Can you output the records below exactly as they are written?
[[ Information given, beginning ]]
(* For $\Gamma\in G(n,\tfrac12)$, the right-angled Coxeter group $W_\Gamma$ is asymptotically almost surely strongly algebraically thick; equivalently $\mathbb P(\Gamma\in\mathcal T)\to1$ as $n\to\infty$.
   Context: $G(n,p)$: random simplicial graphs on $n$ labelled vertices with each edge present independently with probability $p$. $W_\Gamma$ is the right-angled Coxeter group of $\Gamma$. $\mathcal T$ is the smallest class of finite simplicial graphs containing $K_{2,2}$, closed under adding a new vertex adjacent exactly to the vertices of an induced subgraph which is not a clique, and closed under gluing two members along a common induced subgraph which is not a clique (optionally adding edges between the two non-shared parts). A right-angled Coxeter group $W_\Gamma$ is strongly algebraically thick iff $\Gamma\in\mathcal T$; strongly algebraically thick means: order $0$ = wide (no cut points in asymptotic cones), order $\le n$ = algebraic network (finite collection of subgroups of order $\le n-1$, generating a finite-index subgroup, chained through infinite intersections with path-connected $C$-neighborhoods, each quasiconvex via $(C,C)$-quasigeodesics). *)

theory Defs
  imports "HOL-Probability.Probability"
begin

text \<open>Finite simplicial graphs with vertices in nat: a vertex set and a set of
  edges, each edge a 2-element set of vertices.\<close>
type_synonym graph = "nat set \<times> nat set set"

definition wf_graph :: "graph \<Rightarrow> bool" where
  "wf_graph G \<longleftrightarrow> finite (fst G) \<and>
     (\<forall>e\<in>snd G. \<exists>u v. u \<in> fst G \<and> v \<in> fst G \<and> u \<noteq> v \<and> e = {u, v})"

definition is_clique :: "nat set set \<Rightarrow> nat set \<Rightarrow> bool" where
  "is_clique E S \<longleftrightarrow> (\<forall>u\<in>S. \<forall>v\<in>S. u \<noteq> v \<longrightarrow> {u, v} \<in> E)"

definition induced_edges :: "nat set set \<Rightarrow> nat set \<Rightarrow> nat set set" where
  "induced_edges E S = {e \<in> E. e \<subseteq> S}"

definition K22 :: graph where
  "K22 = ({0, 1, 2, 3}, {{0, 1}, {1, 2}, {2, 3}, {3, 0}})"
lemma integrable_Gamma_integrand_convolution:
  assumes "Re x > 0" "Re y > 0"
  shows "integrable (lborel \<Otimes>\<^sub>M lborel)
           (\<lambda>(t, u). Gamma_integrand x t * Gamma_integrand y (u - t))"
proof (rule lborel_pair.Fubini_integrable)
  have shift: "(\<integral>u. norm (Gamma_integrand y (u - t)) \<partial>lborel)
      = (\<integral>u. norm (Gamma_integrand y u) \<partial>lborel)" for t
    using lborel_integral_real_affine[of 1 "\<lambda>u. norm (Gamma_integrand y u)" "-t"] by simp
  have "integrable lborel
      (\<lambda>t. norm (Gamma_integrand x t) * (\<integral>u. norm (Gamma_integrand y u) \<partial>lborel))"
    using integrable_Gamma_integrand[OF assms(1)] by (intro integrable_mult_left integrable_norm)
  then show "integrable lborel (\<lambda>t. \<integral>u. norm (case (t, u) of (t, u) \<Rightarrow>
      Gamma_integrand x t * Gamma_integrand y (u - t)) \<partial>lborel)"
    by (simp only: case_prod_conv norm_mult integral_mult_right_zero shift)
  have "integrable lborel (\<lambda>u. Gamma_integrand x t * Gamma_integrand y (- t + 1 * u))" for t
    using lborel_integrable_real_affine[OF integrable_Gamma_integrand[OF assms(2)], of 1 "-t"]
    by (intro integrable_mult_right) simp
  then show "AE t in lborel. integrable lborel
      (\<lambda>u. case (t, u) of (t, u) \<Rightarrow> Gamma_integrand x t * Gamma_integrand y (u - t))"
    by simp
qed measurable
[[ Information given, end ]]
-- Your response --
(* For $\Gamma\in G(n,\tfrac12)$, the right-angled Coxeter group $W_\Gamma$ is asymptotically almost surely strongly algebraically thick; equivalently $\mathbb P(\Gamma\in\mathcal T)\to1$ as $n\to\infty$.
   Context: $G(n,p)$: random simplicial graphs on $n$ labelled vertices with each edge present independently with probability $p$. $W_\Gamma$ is the right-angled Coxeter group of $\Gamma$. $\mathcal T$ is the smallest class of finite simplicial graphs containing $K_{2,2}$, closed under adding a new vertex adjacent exactly to the vertices of an induced subgraph which is not a clique, and closed under gluing two members along a common induced subgraph which is not a clique (optionally adding edges between the two non-shared parts). A right-angled Coxeter group $W_\Gamma$ is strongly algebraically thick iff $\Gamma\in\mathcal T$; strongly algebraically thick means: order $0$ = wide (no cut points in asymptotic cones), order $\le n$ = algebraic network (finite collection of subgroups of order $\le n-1$, generating a finite-index subgroup, chained through infinite intersections with path-connected $C$-neighborhoods, each quasiconvex via $(C,C)$-quasigeodesics). *)

theory Defs
  imports "HOL-Probability.Probability"
begin

text \<open>Finite simplicial graphs with vertices in nat: a vertex set and a set of
  edges, each edge a 2-element set of vertices.\<close>
type_synonym graph = "nat set \<times> nat set set"

definition wf_graph :: "graph \<Rightarrow> bool" where
  "wf_graph G \<longleftrightarrow> finite (fst G) \<and>
     (\<forall>e\<in>snd G. \<exists>u v. u \<in> fst G \<and> v \<in> fst G \<and> u \<noteq> v \<and> e = {u, v})"

definition is_clique :: "nat set set \<Rightarrow> nat set \<Rightarrow> bool" where
  "is_clique E S \<longleftrightarrow> (\<forall>u\<in>S. \<forall>v\<in>S. u \<noteq> v \<longrightarrow> {u, v} \<in> E)"

definition induced_edges :: "nat set set \<Rightarrow> nat set \<Rightarrow> nat set set" where
  "induced_edges E S = {e \<in> E. e \<subseteq> S}"

definition K22 :: graph where
  "K22 = ({0, 1, 2, 3}, {{0, 1}, {1, 2}, {2, 3}, {3, 0}})"
lemma integrable_Gamma_integrand_convolution:
  assumes "Re x > 0" "Re y > 0"
  shows "integrable (lborel \<Otimes>\<^sub>M lborel)
           (\<lambda>(t, u). Gamma_integrand x t * Gamma_integrand y (u - t))"
proof (rule lborel_pair.Fubini_integrable)
  have shift: "(\<integral>u. norm (Gamma_integrand y (u - t)) \<partial>lborel)
      = (\<integral>u. norm (Gamma_integrand y u) \<partial>lborel)" for t
    using lborel_integral_real_affine[of 1 "\<lambda>u. norm (Gamma_integrand y u)" "-t"] by simp
  have "integrable lborel
      (\<lambda>t. norm (Gamma_integrand x t) * (\<integral>u. norm (Gamma_integrand y u) \<partial>lborel))"
    using integrable_Gamma_integrand[OF assms(1)] by (intro integrable_mult_left integrable_norm)
  then show "integrable lborel (\<lambda>t. \<integral>u. norm (case (t, u) of (t, u) \<Rightarrow>
      Gamma_integrand x t * Gamma_integrand y (u - t)) \<partial>lborel)"
    by (simp only: case_prod_conv norm_mult integral_mult_right_zero shift)
  have "integrable lborel (\<lambda>u. Gamma_integrand x t * Gamma_integrand y (- t + 1 * u))" for t
    using lborel_integrable_real_affine[OF integrable_Gamma_integrand[OF assms(2)], of 1 "-t"]
    by (intro integrable_mult_right) simp
  then show "AE t in lborel. integrable lborel
      (\<lambda>u. case (t, u) of (t, u) \<Rightarrow> Gamma_integrand x t * Gamma_integrand y (u - t))"
    by simp
qed measurable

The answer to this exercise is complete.